God in His World
A SURVEY of the spiritual universe as it affects the being of man gains this advantage from anonymous publication, that the book becomes a voice only, and the reader is not confused by an effort to individualize the authorship. If, besides, the voice, be persuasive in tone and gentle in modulation, if it be not raised in angry impatience or hardened by argumentative temper, and if its sweetness be not the honeyed phrase of a rhetorician, then the absconding of the personality behind it, however much ultimately it may arouse an honest curiosity, does for the time being deepen the impression made by the earnest thought and the reserved passion.
Such, at any rate, we think, is likely to be the reflection of one who lays down a remarkable book1 which has recently appeared. The temper in which it is written is so fine, its tone is so authoritative without the semblance of dogmatism, and the sweep of its thought is so large and steady that one is fain to receive it as what it claims to be, an interpretation, and so, in the radical sense of the word, a prophecy.

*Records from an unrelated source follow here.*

(* In the construction described in the context, $\sum_{i=1}^{t-1}p_G(C_i)\ge\Delta$.
   Context: The profit of $D\subseteq E$ is $p_G(D)=\mathrm{MST}(G\setminus D)-\mathrm{MST}(G)$, where $\mathrm{MST}(H)$ is the minimum spanning tree weight of $H$ w.r.t. $w$ and $\mathrm{MST}(H)=\infty$ if $H$ is disconnected. Setting: $G=(V,E)$ is a connected finite undirected graph (parallel edges allowed), $w:E\to\mathbb{R}_{\ge0}$ edge weights, $c:E\to\mathbb{R}_{>0}$ edge costs, $n=|V|$. For $S\subseteq V$, $C_G(S)=\{e\in E:|e\cap S|=1\}$ (complete cut; its edges cross it) and $C_G(S,W)=\{e\in C_G(S):w(e)<W\}$ (partial cut). $F\subseteq E$ is a set with $G'=G\setminus F=(V,E\setminus F)$ connected; $B=c(F)$ and $\Delta=\mathrm{MST}(G')-\mathrm{MST}(G)$. Construction: let $T$ be a minimum spanning tree of $G$ and $T\cap F=\{e_1,\dots,e_{t-1}\}$, with $t\ge2$. Removing these edges splits $T$ into components with vertex sets $A_1,\dots,A_t$ (a partition of $V$). Let $G'_{cc}$ be the multigraph with vertex set $V_{cc}=\{A_1,\dots,A_t\}$ having, for every edge $\{u,v\}\in E\setminus F$ with $u\in A_i$, $v\in A_j$, an edge between $A_i$ and $A_j$ of weight $w(\{u,v\})$ (identified with the original edge). Let $T'_{cc}$ be a minimum spanning tree of $G'_{cc}$, with edges $e'_1,\dots,e'_{t-1}$ indexed so that $w(e'_1)\le\dots\le w(e'_{t-1})$ (ties broken arbitrarily). For each $i$, deleting $e'_i,e'_{i+1},\dots,e'_{t-1}$ from $T'_{cc}$ leaves a forest in which $e'_i$ joins two components $L_i,R_i\subseteq V_{cc}$. Counters $k(A)=0$ for all $A\in V_{cc}$ initially, and $k(S)=\max_{A\in S}k(A)$. For $i=1,\dots,t-1$ in order: set $X_i=L_i$ if $k(L_i)\le k(R_i)$, else $X_i=R_i$; then increase $k(A)$ by $1$ for every $A\in X_i$. Identifying a set of vertices of $G'_{cc}$ with the union of the corresponding vertex sets in $V$, define $C_i=C_G(X_i,w(e'_i))$. *)

theory Defs
  imports "HOL-Library.Extended_Real"
begin

text \<open>Multigraphs: vertex set V, edge set E (abstract edge identities, so parallel
edges are allowed), and an endpoint map ends :: 'e => 'v set.\<close>

definition adj :: "('e \<Rightarrow> 'v set) \<Rightarrow> 'e set \<Rightarrow> ('v \<times> 'v) set" where
  "adj ends D = {(u,v). \<exists>e\<in>D. ends e = {u,v}}"

definition gconnected :: "'v set \<Rightarrow> ('e \<Rightarrow> 'v set) \<Rightarrow> 'e set \<Rightarrow> bool" where
  "gconnected V ends D \<longleftrightarrow> (\<forall>u\<in>V. \<forall>v\<in>V. (u,v) \<in> (adj ends D)\<^sup>*)"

Like prophecy in its most universal type, it is revolutionary in spirit, in obedience to an eternal conservatism ; and it is only as one moves on through the phases of the evolutionary thought of the book that he fails to be startled by the quiet conclusions with which the author confronts him. If one were to read first the closing passages in which contemporaneous civilization is tested, he would — except that the age has cultivated a complacent toleration — exclaim, Away with this fellow, for he turneth the world upside down !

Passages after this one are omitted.